Saskatchewan School Boards Association president Shawn Davidson said boards have a huge job ahead of them in their own budgets.
“In most divisions, about 75 percent of their expenditure is people,” he said. “What that will mean will be different for every member board.”
Boards have different needs, he said. For example, some require English as an additional language services more than others.
Davidson said boards also have to wait for more details on changes to the funding formula before they can proceed.
On the decision to keep all 28 boards, he said he wasn’t too surprised.
“They heard loud and clear from the public that education belongs to the community and that local voice is important in decisions surrounding education and allocation of property tax dollars,” he said.
He added that boards are already working together on things like bulk purchasing of natural gas and bussing but the SSBA will help the boards find more efficiencies.
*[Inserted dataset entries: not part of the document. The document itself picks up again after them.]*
(* Under Plurality, $2$-by-$2$ GS-games of types (ii), (iii), (iv) and (v) are realizable, while $2$-by-$2$ GS-games of types (i) and (vi) are not realizable. That is, for each of the types (ii)–(v) there exist a finite candidate set, a tie-breaking order, a profile $V$ and a $2$-by-$2$ GS-game for $V$ under Plurality of that type, and no $2$-by-$2$ GS-game under Plurality (for any candidate set, tie-breaking order and profile) is of type (i) or (vi).
   Context: Each voter $i$ has a strict linear order $v_i$ over the candidate set $C$. Plurality: each candidate gets one point from each voter ranking her first; the highest score wins, ties broken in favour of the candidate highest in a fixed strict linear order $>$ on $C$. Write $\mathcal{R}$ for the rule and $(V_{-i},v_i')$ for $V$ with $v_i$ replaced by $v_i'$. A GS-manipulation of voter $i$ at $V$ is a vote $v_i'$ such that $i$ strictly prefers $\mathcal{R}(V_{-i},v_i')$ to $\mathcal{R}(V)$ and for every vote $v_i''$ either $\mathcal{R}(V_{-i},v_i'')=\mathcal{R}(V_{-i},v_i')$ or $i$ strictly prefers $\mathcal{R}(V_{-i},v_i')$ to $\mathcal{R}(V_{-i},v_i'')$; $i$ is a GS-manipulator if he has one. A GS-game for $V$ has as players all GS-manipulators at $V$, each player $i$ having action set consisting of $v_i$ and a subset of his GS-manipulations; other voters vote sincerely; players compare action profiles by their preferences over the resulting winners. A $2$-by-$2$ GS-game is one with exactly two players $1,2$ (i.e. exactly two GS-manipulators at $V$), with action sets $\{s_1,i_1\}$ and $\{s_2,i_2\}$ where $s_p=v_p$ is the sincere vote and $i_p$ a GS-manipulation. Let $W(a,b)$ be the winner when player 1 plays $a$ and player 2 plays $b$. Define $\rho_1=+$ if player 1 strictly prefers $W(i_1,i_2)$ to $W(s_1,i_2)$, $\rho_1=0$ if $W(i_1,i_2)=W(s_1,i_2)$, $\rho_1=-$ if player 1 strictly prefers $W(s_1,i_2)$ to $W(i_1,i_2)$; define $\rho_2$ analogously for player 2 comparing $W(i_1,i_2)$ with $W(i_1,s_2)$. The type of the game is determined by the unordered pair $\{\rho_1,\rho_2\}$: type (i) $\{+,+\}$, (ii) $\{-,-\}$, (iii) $\{0,0\}$, (iv) $\{+,0\}$, (v) $\{-,0\}$, (vi) $\{+,-\}$. *)

theory Defs
  imports Main
begin

(* A vote (strict linear order over the candidate set C) is a list of all
   candidates without repetition; earlier = more preferred.
   The tie-breaking order > is represented the same way (earlier = higher). *)
definition is_vote :: "'c set \<Rightarrow> 'c list \<Rightarrow> bool" where
  "is_vote C v \<longleftrightarrow> distinct v \<and> set v = C"

definition prefers :: "'c list \<Rightarrow> 'c \<Rightarrow> 'c \<Rightarrow> bool" where
  "prefers v a b \<longleftrightarrow> (\<exists>j k. j < k \<and> k < length v \<and> v ! j = a \<and> v ! k = b)"

definition valid_election :: "'c set \<Rightarrow> 'c list \<Rightarrow> 'c list list \<Rightarrow> bool" where
  "valid_election C tb V \<longleftrightarrow> finite C \<and> C \<noteq> {} \<and> is_vote C tb \<and> (\<forall>v\<in>set V. is_vote C v)"

definition plur_score :: "'c list list \<Rightarrow> 'c \<Rightarrow> nat" where
  "plur_score V c = length (filter (\<lambda>v. hd v = c) V)"

definition plurality :: "'c list \<Rightarrow> 'c list list \<Rightarrow> 'c" where
  "plurality tb V =
     hd (filter (\<lambda>c. \<forall>d\<in>set tb. plur_score V d \<le> plur_score V c) tb)"

definition GS_manipulation :: "'c set \<Rightarrow> 'c list \<Rightarrow> 'c list list \<Rightarrow> nat \<Rightarrow> 'c list \<Rightarrow> bool" where
  "GS_manipulation C tb V i v' \<longleftrightarrow>
     i < length V \<and> is_vote C v' \<and>
     prefers (V ! i) (plurality tb (V[i := v'])) (plurality tb V) \<and>
     (\<forall>v''. is_vote C v'' \<longrightarrow>
        plurality tb (V[i := v'']) = plurality tb (V[i := v']) \<or>
        prefers (V ! i) (plurality tb (V[i := v'])) (plurality tb (V[i := v''])))"

definition GS_manipulator :: "'c set \<Rightarrow> 'c list \<Rightarrow> 'c list list \<Rightarrow> nat \<Rightarrow> bool" where
  "GS_manipulator C tb V i \<longleftrightarrow> (\<exists>v'. GS_manipulation C tb V i v')"

definition two_by_two_GS_game ::
  "'c set \<Rightarrow> 'c list \<Rightarrow> 'c list list \<Rightarrow> nat \<Rightarrow> nat \<Rightarrow> 'c list \<Rightarrow> 'c list \<Rightarrow> bool" where
  "two_by_two_GS_game C tb V p1 p2 i1 i2 \<longleftrightarrow>
     p1 \<noteq> p2 \<and> {i. GS_manipulator C tb V i} = {p1, p2} \<and>
     GS_manipulation C tb V p1 i1 \<and> GS_manipulation C tb V p2 i2"

definition game_winner :: "'c list \<Rightarrow> 'c list list \<Rightarrow> nat \<Rightarrow> nat \<Rightarrow> 'c list \<Rightarrow> 'c list \<Rightarrow> 'c" where
  "game_winner tb V p1 p2 a b = plurality tb (V[p1 := a, p2 := b])"

datatype rho = RPos | RZero | RNeg

definition rho_of :: "'c list \<Rightarrow> 'c \<Rightarrow> 'c \<Rightarrow> rho" where
  "rho_of v x y = (if x = y then RZero else if prefers v x y then RPos else RNeg)"

definition rho1 :: "'c list \<Rightarrow> 'c list list \<Rightarrow> nat \<Rightarrow> nat \<Rightarrow> 'c list \<Rightarrow> 'c list \<Rightarrow> rho" where
  "rho1 tb V p1 p2 i1 i2 =
     rho_of (V ! p1) (game_winner tb V p1 p2 i1 i2) (game_winner tb V p1 p2 (V ! p1) i2)"

definition rho2 :: "'c list \<Rightarrow> 'c list list \<Rightarrow> nat \<Rightarrow> nat \<Rightarrow> 'c list \<Rightarrow> 'c list \<Rightarrow> rho" where
  "rho2 tb V p1 p2 i1 i2 =
     rho_of (V ! p2) (game_winner tb V p1 p2 i1 i2) (game_winner tb V p1 p2 i1 (V ! p2))"

datatype game_type = Type_i | Type_ii | Type_iii | Type_iv | Type_v | Type_vi

fun type_of_pair :: "rho \<Rightarrow> rho \<Rightarrow> game_type" where
  "type_of_pair RPos RPos = Type_i"
| "type_of_pair RNeg RNeg = Type_ii"
| "type_of_pair RZero RZero = Type_iii"
| "type_of_pair RPos RZero = Type_iv"
| "type_of_pair RZero RPos = Type_iv"
| "type_of_pair RNeg RZero = Type_v"
| "type_of_pair RZero RNeg = Type_v"
| "type_of_pair RPos RNeg = Type_vi"
| "type_of_pair RNeg RPos = Type_vi"

definition GS_game_type :: "'c list \<Rightarrow> 'c list list \<Rightarrow> nat \<Rightarrow> nat \<Rightarrow> 'c list \<Rightarrow> 'c list \<Rightarrow> game_type" where
  "GS_game_type tb V p1 p2 i1 i2 = type_of_pair (rho1 tb V p1 p2 i1 i2) (rho2 tb V p1 p2 i1 i2)"

end

theory Submission
  imports Defs
begin

(* A GS-manipulation of voter p only matters through its first choice b: it moves p's point
   from its sincere first choice a to b, and b becomes the winner, while a and b both differ
   from the sincere winner w. When both players deviate, only the scores of b1 and b2 grow and
   that of w is untouched, so the joint winner is b1, b2 or w. In the first two cases one of the
   players is indifferent to his own deviation (rho = 0). The winner can only stay w if each
   deviation removes exactly the point the other one gains, i.e. b1 = a2 and b2 = a1; then each
   player is back at w instead of his top choice, so both rho are negative. Hence a pair
   containing + is always paired with 0, excluding types (i) and (vi). The remaining types are
   realized by small explicit profiles. *)

lemma prefers_Nil [simp]: "\<not> prefers [] a b"
  by (simp add: prefers_def)

lemma prefers_Cons [simp]:
  "prefers (x # xs) a b \<longleftrightarrow> (a = x \<and> b \<in> set xs) \<or> prefers xs a b"
proof
  assume "prefers (x # xs) a b"
  then obtain j k where jk: "j < k" "k < length (x # xs)" "(x # xs) ! j = a" "(x # xs) ! k = b"
    unfolding prefers_def by blast
  then obtain k' where k': "k = Suc k'" by (cases k) auto
  show "(a = x \<and> b \<in> set xs) \<or> prefers xs a b"
  proof (cases j)
    case 0
    then show ?thesis using jk k' by auto
  next
    case (Suc j')
    then have "prefers xs a b" unfolding prefers_def using jk k'
      by (intro exI[of _ j'] exI[of _ k']) auto
    then show ?thesis by blast
  qed
next
  assume "(a = x \<and> b \<in> set xs) \<or> prefers xs a b"
  then show "prefers (x # xs) a b"
  proof
    assume h: "a = x \<and> b \<in> set xs"
    then obtain k where "k < length xs" "xs ! k = b" by (auto simp: in_set_conv_nth)
    then show ?thesis unfolding prefers_def using h
      by (intro exI[of _ 0] exI[of _ "Suc k"]) auto
  next
    assume "prefers xs a b"
    then obtain j k where "j < k" "k < length xs" "xs ! j = a" "xs ! k = b"
      unfolding prefers_def by blast
    then show ?thesis unfolding prefers_def
      by (intro exI[of _ "Suc j"] exI[of _ "Suc k"]) auto
  qed
qed

lemma prefers_asym: "distinct v \<Longrightarrow> prefers v x y \<Longrightarrow> \<not> prefers v y x"
  unfolding prefers_def by (metis nth_eq_iff_index_eq order.asym order.strict_trans)

lemma prefers_irrefl: "distinct v \<Longrightarrow> \<not> prefers v x x"
  unfolding prefers_def by (metis nth_eq_iff_index_eq order.irrefl order.strict_trans)

lemma not_prefers_hd: "distinct v \<Longrightarrow> \<not> prefers v x (hd v)"
  unfolding prefers_def
  by (metis hd_conv_nth length_greater_0_conv nth_eq_iff_index_eq not_less0 order.strict_trans
      list.size(3))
The government also moved to restore the 60 percent government/40 percent property tax funding split for education. In recent years, the property tax portion was around 35 percent.
It lowered mill rates for all property classes, but because of reassessment, the government will actually take in more revenue. Property will be affected differently depending on reassessed value.
The mill rate for agricultural land dropped to 1.43 from 2.67 last year, while the mill rate went to 4.12 from 5.03 on residential land.
Tax revenue raised from agricultural land will climb to $46.1 million from $39 million, while residential taxes will go to $359.6 million from $324.7 millions.
Commercial/industrial and resource lands together will contribute the remainder.
The total education tax raised from property will rise by $67 million or nearly 10 percent, from $680 million to $746.9 million.
In other budget areas, the health budget is up but there are increases to some long-term care fees and cuts to the hearing aid plan, podiatry services, low-cost orthotics and continuous positive airway pressure generators for sleep apnea sufferers. Government will still cover low-income residents.
- The province is forecasting a deficit of $685 million this year and a $304 million deficit in 2018.
- The provincial sales tax will increase to six percent and PST exemptions will be lifted on children’s clothing, restaurant meals, construction services and other items.
- Regional park funding has been cut by 50 percent.
- The Saskatchewan Transportation Company is being axed, eliminating 224 jobs.
- Provincial universities, colleges and technical institutes will have their funding cut by five percent.
- Funding for highway infrastructure has been cut by $15 million.